石油污染土壤的治理早先多采用物理、化学等方法，而发展较晚的生物技术由于克服了物理、化学等方法的诸多缺点，以其经济、有效、安全、简便、无二次污染的特点受到人们的青睐，已成为当今石油污染土壤治理的主要途径[4-7]。作为生物修复的主要角色，微生物的动态监测极为重要，因此针对微生物多样性的研究也越来越受到学者们的关注。目前关于这方面的报道也相当广泛[8]，如末端限制性片段长度多态性(T-RFLP)分析技术[9]、单链构象多态性(SSCP)技术[10]、变性梯度凝胶电泳(DGGE)技术[11-12]等。近年来，Fisher和Triplett所创的ARISA技术[13]在国内外也逐渐发展起来。ARISA全称自动核糖体间隔基因分析(Automated ribosomal intergenic spacer analysis)，它通过可以分辨的荧光峰的总数代表被分析样品中物种的总体数目，基因片段的大小也可以与基因库中的数据进行比较，以得到更多生物信息。针对这一技术，多位学者对该技术所用引物也进行了研究，其成果显著[14-16]。
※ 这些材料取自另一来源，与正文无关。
(* Let $\mathrm y^\star\in\mathbb R^{d|\mathbb V|}$ and $\zeta^\star=\mathcal E^T\mathrm y^\star$, and suppose $\mathbf 0\in k^{-1}(\mathrm y^\star)+\mathcal E\gamma(\zeta^\star)$. Suppose further that for every $e\in\mathbb E$ the function $\Gamma_e$ is strictly convex on a neighborhood of $\zeta^\star_e$. Define $G:\mathrm{IM}(\mathcal E^T)\to\mathbb R\cup\{\pm\infty\}$ by $G(\zeta)=\inf\{K^\star(\mathrm y):\mathcal E^T\mathrm y=\zeta\}$. Then $\zeta^\star$ is the unique minimizer of $\Gamma(\zeta)+G(\zeta)$ over $\zeta\in\mathrm{IM}(\mathcal E^T)$.
   Context: $\mathcal G=(\mathbb V,\mathbb E)$ is a finite graph with arbitrarily oriented edges and incidence matrix $E$ ($E_{ik}=-1$, $E_{jk}=1$ for edge $k=(i,j)$, other entries of column $k$ zero); $d\ge1$, $\mathcal E=E\otimes I_d$, $\mathrm{IM}(\mathcal E^T)$ the image of $\mathcal E^T$. For each $i\in\mathbb V$, $k_i\subseteq\mathbb R^d\times\mathbb R^d$ (agent steady-state input-output relation) and for each $e\in\mathbb E$, $\gamma_e\subseteq\mathbb R^d\times\mathbb R^d$ (controller steady-state relation) are maximal cyclically monotone (a relation $R$ is cyclically monotone if $\sum_{i=1}^N y_i^T(u_i-u_{i-1})\ge0$ for all $N\ge1$ and $(u_1,y_1),\dots,(u_N,y_N)\in R$, $u_0=u_N$; maximal if not strictly contained in a larger such relation), so $k_i=\partial K_i$, $\gamma_e=\partial\Gamma_e$ for closed proper convex functions $K_i,\Gamma_e:\mathbb R^d\to\mathbb R\cup\{+\infty\}$. $k,\gamma$ are stacked relations, viewed as set-valued maps with $k^{-1}(\mathrm y)=\{\mathrm u:(\mathrm u,\mathrm y)\in k\}$, $\gamma(\zeta)=\{\mu:(\zeta,\mu)\in\gamma\}$. $K(\mathrm u)=\sum_iK_i(\mathrm u_i)$, $\Gamma(\zeta)=\sum_e\Gamma_e(\zeta_e)$, $K^\star(y)=\sup_u\{y^Tu-K(u)\}$. $\mathcal ES=\{\mathcal Es:s\in S\}$, $A+B$ Minkowski sum. *)

theory Defs
  imports "HOL-Analysis.Analysis"
begin
(* Let $\mathcal D$ be a finite nonempty set, and let $\mathcal A^{\mathcal D}_{P,R}$ be the subring of $\mathcal H^{\mathcal D}_{P,R}$ consisting of the free $\mathbb Z$-algebra generated by the decorated planar rooted trees (equivalently, the $\mathbb Z$-span of the planar forests). Then $(e_F)_F$, $F$ running over all planar forests decorated by $\mathcal D$, is a $\mathbb Z$-basis of $\mathcal A^{\mathcal D}_{P,R}$.
   Context: $\mathcal H^{\mathcal D}_{P,R}$ is the free associative unital $\mathbb Q$-algebra on the set of planar rooted trees (finite trees with a root, embedded in the plane, edges oriented away from the root) decorated by $\mathcal D$; its basis is the set of planar forests $t_1\cdots t_n$ ($1$ = empty forest). Coproduct: $\Delta(F)=\sum_cP^c(F)\otimes R^c(F)$ over all cuts $c=(c_i)$ of $F=t_1\cdots t_n$, each $c_i$ being the empty cut of $t_i$ ($P=1,R=t_i$), the total cut ($P=t_i,R=1$), or an admissible cut (a nonempty set of edges of $t_i$ such that every oriented path meets at most one of them, with $R^{c_i}(t_i)$ the component of the root and $P^{c_i}(t_i)$ the left-to-right planar forest of the other components); $P^c(F)=\prod_iP^{c_i}(t_i)$, $R^c(F)=\prod_iR^{c_i}(t_i)$; counit $\varepsilon(F)=0$ for $F\ne1$. $B_d^+$ grafts $t_1\cdots t_n$ (in order) on a new root decorated by $d$; $\bullet_d=B_d^+(1)$; $\gamma_d$ is the linear map with $\gamma_d(1)=0$, $\gamma_d(t_1\cdots t_n)=t_1\cdots t_{n-1}$ if $t_n=\bullet_d$, $0$ otherwise. There is a unique bilinear form $(\,,\,)$ on $\mathcal H^{\mathcal D}_{P,R}$ with $(1,x)=\varepsilon(x)$, $(x_1x_2,y)=(x_1\otimes x_2,\Delta(y))$ and $(B_d^+(x),y)=(x,\gamma_d(y))$; it is nondegenerate, and $(e_F)_F$ denotes the basis of $\mathcal H^{\mathcal D}_{P,R}$ defined by $(e_F,G)=\delta_{F,G}$ for all planar forests $G$. *)

theory Defs
  imports Main "HOL.Rat"
begin

text \<open>Planar forests
  are lists of such trees; the empty list is the empty forest 1.\<close>

datatype 'd ptree = Node 'd "'d ptree list"

type_synonym 'd forest = "'d ptree list"

fun decs :: "'d ptree \<Rightarrow> 'd set" where
  "decs (Node d ts) = insert d (\<Union> (set (map decs ts)))"

definition forest_in :: "'d set \<Rightarrow> 'd forest \<Rightarrow> bool" where
  "forest_in D F \<longleftrightarrow> (\<forall>t \<in> set F. decs t \<subseteq> D)"

text \<open>All cuts of a forest, as a list (one entry per cut) of pairs (P^c(F), R^c(F)).
  For each tree t_i = B_d^+(ts) one chooses either the total cut (P = t_i, R = 1),
  or a cut that is empty or admissible; the latter are obtained by choosing, for
  each subtree grafted on the root, either to cut the edge to it (the whole subtree
  goes to P) or to keep the edge and cut inside the subtree (empty or admissible),
  i.e. exactly a cut of the forest ts followed by regrafting the trunk part on the root.
  Pruned parts are collected left to right.\<close>

fun cuts :: "'d forest \<Rightarrow> ('d forest \<times> 'd forest) list" where
  "cuts [] = [([], [])]"
| "cuts (Node d ts # F) =
     concat (map (\<lambda>(P1, R1). map (\<lambda>(P2, R2). (P1 @ P2, R1 @ R2)) (cuts F))
       (([Node d ts], []) # map (\<lambda>(P, R). (P, [Node d R])) (cuts ts)))"

text \<open>The pairing on planar forests determined by (1,x) = eps(x),
  (x1 x2, y) = (x1 \<otimes> x2, Delta y), (B_d^+(x), y) = (x, gamma_d(y)).\<close>

function pair :: "'d forest \<Rightarrow> 'd forest \<Rightarrow> rat" where
  "pair [] G = (if G = [] then 1 else 0)"
| "pair [Node d ts] G =
     (if G \<noteq> [] \<and> last G = Node d [] then pair ts (butlast G) else 0)"
| "pair (t # t' # F) G =
     sum_list (map (\<lambda>(P, R). pair [t] P * pair (t' # F) R) (cuts G))"
  by pat_completeness auto
termination
  by (relation "measure (\<lambda>(F, G). size_list size F)") auto

text \<open>Elements of H^D_{P,R}: finitely supported rational coefficient functions on
  planar forests decorated by D.\<close>

definition in_H :: "'d set \<Rightarrow> ('d forest \<Rightarrow> rat) \<Rightarrow> bool" where
  "in_H D x \<longleftrightarrow> finite {F. x F \<noteq> 0} \<and> (\<forall>F. x F \<noteq> 0 \<longrightarrow> forest_in D F)"

definition form :: "('d forest \<Rightarrow> rat) \<Rightarrow> 'd forest \<Rightarrow> rat" where
  "form x G = (\<Sum>F \<in> {F. x F \<noteq> 0}. x F * pair F G)"

definition dual_basis :: "'d set \<Rightarrow> 'd forest \<Rightarrow> ('d forest \<Rightarrow> rat)" where
  "dual_basis D F = (THE x. in_H D x \<and>
      (\<forall>G. forest_in D G \<longrightarrow> form x G = (if G = F then 1 else 0)))"

definition in_A :: "'d set \<Rightarrow> ('d forest \<Rightarrow> rat) \<Rightarrow> bool" where
  "in_A D x \<longleftrightarrow> in_H D x \<and> (\<forall>G. x G \<in> \<int>)"

end

theory Submission
  imports Defs "Jordan_Normal_Form.Determinant"
begin

text \<open>
  The pairing takes integer values and vanishes between forests of different weights (numbers
  of vertices). The heart of the proof is that every forest G has an integral dual: an element
  \<open>x\<^sub>G\<close> with integer coefficients, homogeneous of the weight of G, such that
  \<open>(x\<^sub>G, H) = \<delta>\<^sub>G\<^sub>H\<close> for all forests H. It is constructed by well-founded induction,
  comparing forests by weight and then by their depth sequences read from the right.
  If G ends with a single vertex, \<open>G = G' \<bullet>\<^sub>e\<close>, then \<open>x\<^sub>G = B\<^sup>+\<^sub>e(x\<^sub>G')\<close>.
  Otherwise G is obtained by grafting a forest \<open>P = P' \<bullet>\<^sub>e\<close> on the rightmost leaf of a
  forest R, and \<open>(B\<^sup>+\<^sub>e(x\<^sub>P') x\<^sub>R, H)\<close> counts the cuts of H with pruned part P and trunk R.
  This count is 1 for H = G, and every other forest with such a cut is smaller than G, so
  subtracting integer multiples of their duals yields \<open>x\<^sub>G\<close>. On each finite homogeneous
  component the duals form a left inverse of the pairing matrix, so the pairing is
  nondegenerate; hence \<open>x\<^sub>G = e\<^sub>G\<close>, and an integral element x equals \<open>\<Sum> (x, F) e\<^sub>F\<close>,
  where the coefficients \<open>(x, F)\<close> are integers.
\<close>

section \<open>Weight and depth sequences\<close>

fun weight :: "'d forest \<Rightarrow> nat" where
  "weight [] = 0"
| "weight (Node d ts # F) = Suc (weight ts + weight F)"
据报道[17]，位于潜江境内的江汉油田是著名的鱼米之乡，至20世纪七八十年代油田开发以来，由于开采过程中原油的滴漏以及油井废弃造成的原油渗漏，使其在土壤中迁移，导致开采区及附近农田遭受严重的石油污染，土壤中石油烃含量所占比例最高已达到24.67%[18]。为此，本文以江汉油田石油污染土壤为研究对象，拟通过室内模拟修复试验，研究石油污染土壤生物修复过程中石油烃的降解特点及其对土壤微生物多样性的影响，旨在为江汉油田土壤原位生物修复提供科学依据和技术支撑。

1 材料与方法

1.1 试验材料

原油：江汉油田采油厂。

LB培养基(g/L)：酵母粉5.0 g，蛋白胨10.0 g，NaCl 10.0 g，超纯水1 L，pH值7.2。

无机培养基(g/L)：K2HPO4·3H2O 1 g，KH2PO41 g，MgSO4·7H2O 0.5 g，NaCl 0.5 g，CaCl20.02 g，NH4NO31 g ，pH值7.2，FeSO4痕量，MnSO4·H2O痕量，超纯水1 L。

固体培养基：液体培养基中加入15～20g/L琼脂。以上液体培养基均需在121℃高压灭菌20 min。

有机物检测所需试剂：四氯化碳(环保级)；正己烷(色谱纯)；二氯甲烷(色谱纯)；正构烷烃(C15～C34)标准溶液100 mg/L(使用时将其逐级稀释成所需浓度)；16种多环芳烃标准溶液200 mg/L(使用时将其逐级稀释成所需浓度)。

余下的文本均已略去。